The philosophy during the planning stages of this test has been to keep the completion string as simple as possible and to minimise wireline work.
This has resulted in the following:
•TCP guns will be used, to be fired with a drop bar;
•only three wireline runs are required to test the tubing string and one drift run to confirm that the TCP drop bar can pass through the string;
•downhole gauges will be installed in carriers above the packer and run and retrieved on tubing;
•the tubing will be run with a plug installed;
•oil based mud will be used as a packer fluid.
Enhanced safety features are:
•a tubing retrievable subsurface safety valve will be run in the string;
•the BOPs will remain in place during the test and the well will be controlled via a 15K surface flowhead;
•a shearable joint will be spaced adjacent the shear rams;
•two annular pressure operated circulating devices (SHORT tools) are included in the string.
Refer to safety notes in Section *3.17.
*3.5 Well data
*3.6 References
*3.7 Equipment mobilisation
1.Part of the Flopetrol production testing equipment (separator, HP lines etc.) has already been installed on the rig.
The mobilisation of the remainder of the Flopetrol production testing equipment, (test tree, steam exchanger etc.) will be organised by OPD/212. Onshore testing of this equipment in preparation for the production test will have been witnessed by a representative from OPD/212.

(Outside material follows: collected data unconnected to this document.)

lemma nsdm_one_step:
  fixes f :: "real^'n \<Rightarrow> real"
  assumes f_grad: "\<And>x. (f has_derivative (\<lambda>h. Df x \<bullet> h)) (at x)"
  shows "\<eta> * dualH Hs (Df (iterate t))
    \<le> f (iterate t) - f (iterate (Suc t)) + 2 * \<eta> * dualH Hs (noise t) + 2 * L * \<eta>\<^sup>2 / \<alpha>"
proof -
  define u where "u = sel (momentum t)"
  define e where "e = momentum t - Df (iterate t)"
  have descent: "f (iterate (Suc t)) \<le> f (iterate t) - \<eta> * (Df (iterate t) \<bullet> u) + L * \<eta>\<^sup>2"
    unfolding fst_nsdm_Suc u_def using eta
    by (intro descent_step[OF f_grad lipschitz normH_sel_le]) simp
  have grad: "dualH Hs (Df (iterate t)) \<le> Df (iterate t) \<bullet> u + 2 * dualH Hs e"
    unfolding u_def e_def by (rule dualH_le_inner_sel_add)
  define D where "D = L * \<eta> * (1 - \<alpha>) / \<alpha>"
  have "dualH Hs e \<le> D + dualH Hs (noise t)"
    using dualH_triangle[of "e - noise t" "noise t"] dualH_momentum_drift_le[of t]
    by (simp add: e_def D_def)
  with grad have "dualH Hs (Df (iterate t)) \<le> Df (iterate t) \<bullet> u + 2 * D + 2 * dualH Hs (noise t)"
    by linarith
  then have "\<eta> * dualH Hs (Df (iterate t)) \<le> \<eta> * (Df (iterate t) \<bullet> u + 2 * D + 2 * dualH Hs (noise t))"
    using eta by (intro mult_left_mono) auto
  also have "\<dots> = \<eta> * (Df (iterate t) \<bullet> u) + 2 * \<eta> * D + 2 * \<eta> * dualH Hs (noise t)"
    by (simp add: algebra_simps)
  also have "2 * \<eta> * D \<le> 2 * L * \<eta>\<^sup>2 / \<alpha> - L * \<eta>\<^sup>2"
  proof -
    have "2 * \<eta> * D = 2 * L * \<eta>\<^sup>2 / \<alpha> - 2 * (L * \<eta>\<^sup>2)"
      using alpha by (simp add: D_def field_simps power2_eq_square)
    then show ?thesis
      using lip_set_nonneg[OF lipschitz] by simp
  qed
  finally show ?thesis
    using descent by linarith
qed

2.In addition to the Flopetrol production testing equipment OPD/212 will provide the following:
a)Tri-ethylene glycol (TEG) for circulating into the test string before opening up the well. (Acid type bulk transport tanks).

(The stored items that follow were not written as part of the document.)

(* Let $u(x)=\sum_\alpha u_\alpha(x)\mathfrak{N}_\alpha$ with real-valued $u_\alpha\in L_2(U,\mu)$, only finitely many nonzero, and let $v=\sum_\alpha v_\alpha\mathfrak{N}_\alpha$ with real $v_\alpha$, only finitely many nonzero. Then $$\mathbf{E}[\delta(u)v]=\mathbf{E}\Big[\int_U u(x)\mathbb{D}v(x)d\mu\Big].$$
   Context: Setting: $(U,\mathcal{U},\mu)$ $\sigma$-finite complete measure space, $\{m_k\}$ a complete orthonormal system of $L_2(U,\mu)$; $\mathfrak{N}:L_2(U,\mu)\to L_2(\Omega,\mathbf{P})$ mean-zero linear isometry, $\xi_k=\mathfrak{N}(m_k)$. $J$: finitely supported multi-indices of nonnegative integers, $\alpha!=\prod\alpha_k!$, $\varepsilon_k$ unit multi-indices; $\{\mathfrak{N}_\alpha\}$ an orthogonal family in $L_2(\Omega)$ with $\mathbf{E}\mathfrak{N}_\alpha^2=\alpha!$, obtained by degreewise orthogonalization of monomials $\prod\xi_k^{\alpha_k}$. Skorokhod integral: $\delta(u)=\sum_\alpha\sum_k(\int_U u_\alpha m_kd\mu)\mathfrak{N}_{\alpha+\varepsilon_k}$. Malliavin derivative: $\mathbb{D}v(x)=\sum_\alpha\sum_k(\alpha_k+1)v_{\alpha+\varepsilon_k}m_k(x)\mathfrak{N}_\alpha$. *)

theory Defs
  imports "HOL-Probability.Probability"
begin

definition multi_idx :: "(nat \<Rightarrow> nat) set" where
  "multi_idx = {\<alpha>. finite {k. \<alpha> k \<noteq> 0}}"

definition mfact :: "(nat \<Rightarrow> nat) \<Rightarrow> real" where
  "mfact \<alpha> = (\<Prod>k\<in>{k. \<alpha> k \<noteq> 0}. fact (\<alpha> k))"

definition add_unit :: "(nat \<Rightarrow> nat) \<Rightarrow> nat \<Rightarrow> (nat \<Rightarrow> nat)" where
  "add_unit \<alpha> k = \<alpha>(k := \<alpha> k + 1)"

definition L2 :: "'a measure \<Rightarrow> ('a \<Rightarrow> real) set" where
  "L2 M = {f. f \<in> borel_measurable M \<and> integrable M (\<lambda>x. (f x)\<^sup>2)}"

definition chaos_field ::
  "((nat \<Rightarrow> nat) \<Rightarrow> 'w \<Rightarrow> real) \<Rightarrow> ((nat \<Rightarrow> nat) \<Rightarrow> 'u \<Rightarrow> real) \<Rightarrow> 'u \<Rightarrow> 'w \<Rightarrow> real" where
  "chaos_field N u x \<omega> = (\<Sum>\<alpha> | \<alpha> \<in> multi_idx \<and> u \<alpha> \<noteq> (\<lambda>_. 0). u \<alpha> x * N \<alpha> \<omega>)"

definition chaos_rv ::
  "((nat \<Rightarrow> nat) \<Rightarrow> 'w \<Rightarrow> real) \<Rightarrow> ((nat \<Rightarrow> nat) \<Rightarrow> real) \<Rightarrow> 'w \<Rightarrow> real" where
  "chaos_rv N v \<omega> = (\<Sum>\<alpha> | \<alpha> \<in> multi_idx \<and> v \<alpha> \<noteq> 0. v \<alpha> * N \<alpha> \<omega>)"

definition skorokhod_partial ::
  "'u measure \<Rightarrow> (nat \<Rightarrow> 'u \<Rightarrow> real) \<Rightarrow> ((nat \<Rightarrow> nat) \<Rightarrow> 'w \<Rightarrow> real) \<Rightarrow>
   ((nat \<Rightarrow> nat) \<Rightarrow> 'u \<Rightarrow> real) \<Rightarrow> nat \<Rightarrow> 'w \<Rightarrow> real" where
  "skorokhod_partial M m N u n \<omega> =
     (\<Sum>\<alpha> | \<alpha> \<in> multi_idx \<and> u \<alpha> \<noteq> (\<lambda>_. 0).
        \<Sum>k<n. (\<integral>x. u \<alpha> x * m k x \<partial>M) * N (add_unit \<alpha> k) \<omega>)"

definition skorokhod ::
  "'u measure \<Rightarrow> 'w measure \<Rightarrow> (nat \<Rightarrow> 'u \<Rightarrow> real) \<Rightarrow> ((nat \<Rightarrow> nat) \<Rightarrow> 'w \<Rightarrow> real) \<Rightarrow>
   ((nat \<Rightarrow> nat) \<Rightarrow> 'u \<Rightarrow> real) \<Rightarrow> 'w \<Rightarrow> real" where
  "skorokhod M P m N u = (SOME Y. Y \<in> L2 P \<and>
     (\<lambda>n. \<integral>\<omega>. (Y \<omega> - skorokhod_partial M m N u n \<omega>)\<^sup>2 \<partial>P) \<longlonglongrightarrow> 0)"

text \<open>Malliavin derivative Dv(x) = sum_alpha sum_k (alpha_k+1) v_(alpha+eps_k) m_k(x) N_alpha;
  only the finitely many pairs (alpha,k) with v_(alpha+eps_k) nonzero contribute.\<close>
definition malliavin ::
  "(nat \<Rightarrow> 'u \<Rightarrow> real) \<Rightarrow> ((nat \<Rightarrow> nat) \<Rightarrow> 'w \<Rightarrow> real) \<Rightarrow> ((nat \<Rightarrow> nat) \<Rightarrow> real) \<Rightarrow> 'u \<Rightarrow> 'w \<Rightarrow> real" where
  "malliavin m N v x \<omega> =
     (\<Sum>(\<alpha>, k) | \<alpha> \<in> multi_idx \<and> v (add_unit \<alpha> k) \<noteq> 0.
        real (\<alpha> k + 1) * v (add_unit \<alpha> k) * m k x * N \<alpha> \<omega>)"

end

(*
  Both sides reduce to the same finite sum, over the pairs (alpha, k) with u_alpha <> 0 and
  v_(alpha + eps_k) <> 0, of (int u_alpha m_k dmu) v_(alpha + eps_k) (alpha + eps_k)!:
  on the right because the family N_alpha is orthogonal with E N_alpha^2 = alpha!, on the left
  because the pairing of v with the partial sums of the Skorokhod series is eventually constant.
  What needs an argument is that delta(u) exists: since (alpha + eps_k)! <= alpha! (1 + |alpha|)
  uniformly in k, Bessel's inequality for {m_k} makes the partial sums Cauchy in L2(P); they
  converge by the Riesz-Fischer argument, and pairing with v is continuous in L2(P).
*)
theory Submission
  imports Defs
begin

section \<open>Square-integrable functions\<close>

lemma L2_square_integrable: "f \<in> L2 M \<Longrightarrow> integrable M (\<lambda>x. (f x)\<^sup>2)"
  by (simp add: L2_def)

b)Mono-ethylene glycol (MEG) for injecting into the surface flowline upstream of the choke and the Schlumberger lubricator (200 l drums).
c)Methanol for injecting into the line upstream of the choke manifold should a hydrate plug form (200 l drums).

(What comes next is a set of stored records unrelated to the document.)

definition H_rels :: "nat \<Rightarrow> (nat \<Rightarrow> 'a) \<Rightarrow> (nat \<Rightarrow> 'a) \<Rightarrow> (nat \<times> letter list \<Rightarrow> 'a::comm_ring_1) set" where
  "H_rels n \<alpha> \<beta> =
     {(\<lambda>c. vec (i, [D,U,U]) c - \<alpha> i * vec (i, [U,D,U]) c - \<beta> i * vec (i, [U,U,D]) c) | i. i < n}
   \<union> {(\<lambda>c. vec ((i+1) mod n, [D,D,U]) c - \<alpha> i * vec ((i+1) mod n, [D,U,D]) c
              - \<beta> i * vec ((i+1) mod n, [U,D,D]) c) | i. i < n}"

definition H_ideal :: "nat \<Rightarrow> (nat \<Rightarrow> 'a) \<Rightarrow> (nat \<Rightarrow> 'a) \<Rightarrow> (nat \<times> letter list \<Rightarrow> 'a::comm_ring_1) set" where
  "H_ideal n \<alpha> \<beta> = ideal_gen (path_mult n) {p. fst p < n} (H_rels n \<alpha> \<beta>)"

definition arrow_img :: "nat \<Rightarrow> 'a::field \<Rightarrow> nat \<Rightarrow> letter \<Rightarrow> (letter list \<times> nat \<Rightarrow> 'a)" where
  "arrow_img n \<xi> i a = (case a of
      U \<Rightarrow> smul n \<xi> (fi n \<xi> i) (u_f n \<xi>)
    | D \<Rightarrow> smul n \<xi> (d_f n \<xi>) (fi n \<xi> ((i + n - 1) mod n)))"

fun arrows_img :: "nat \<Rightarrow> 'a::field \<Rightarrow> nat \<Rightarrow> letter list \<Rightarrow> (letter list \<times> nat \<Rightarrow> 'a)" where
  "arrows_img n \<xi> i [] = one_skew"
| "arrows_img n \<xi> i (a # w) = smul n \<xi> (arrow_img n \<xi> i a) (arrows_img n \<xi> (step n i a) w)"

definition psi_basis :: "nat \<Rightarrow> 'a::field \<Rightarrow> nat \<times> letter list \<Rightarrow> (letter list \<times> nat \<Rightarrow> 'a)" where
  "psi_basis n \<xi> p = (if snd p = [] then fi n \<xi> (fst p) else arrows_img n \<xi> (fst p) (snd p))"

definition psi :: "nat \<Rightarrow> 'a::field \<Rightarrow> (nat \<times> letter list \<Rightarrow> 'a) \<Rightarrow> (letter list \<times> nat \<Rightarrow> 'a)" where
  "psi n \<xi> x = (\<lambda>c. \<Sum>b \<in> supp x. x b * psi_basis n \<xi> b c)"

d)All completion string accessories.
e)All wireline equipment.
See handling data for above mentioned chemicals in Section *3.17.
3.The BSP Drilling Supervisor has overall responsibility for the test equipment. Specific attention should be paid to organising the following items:
a)The test string. This will be a string of 88.9 mm (31/2) L80 Hydril PH-6 above the packer. A string of 27/8 6.4 lbs/ft L80 VAM is run from below the packer to the top of the TCP-string.
b)Baker production packer and seal assembly.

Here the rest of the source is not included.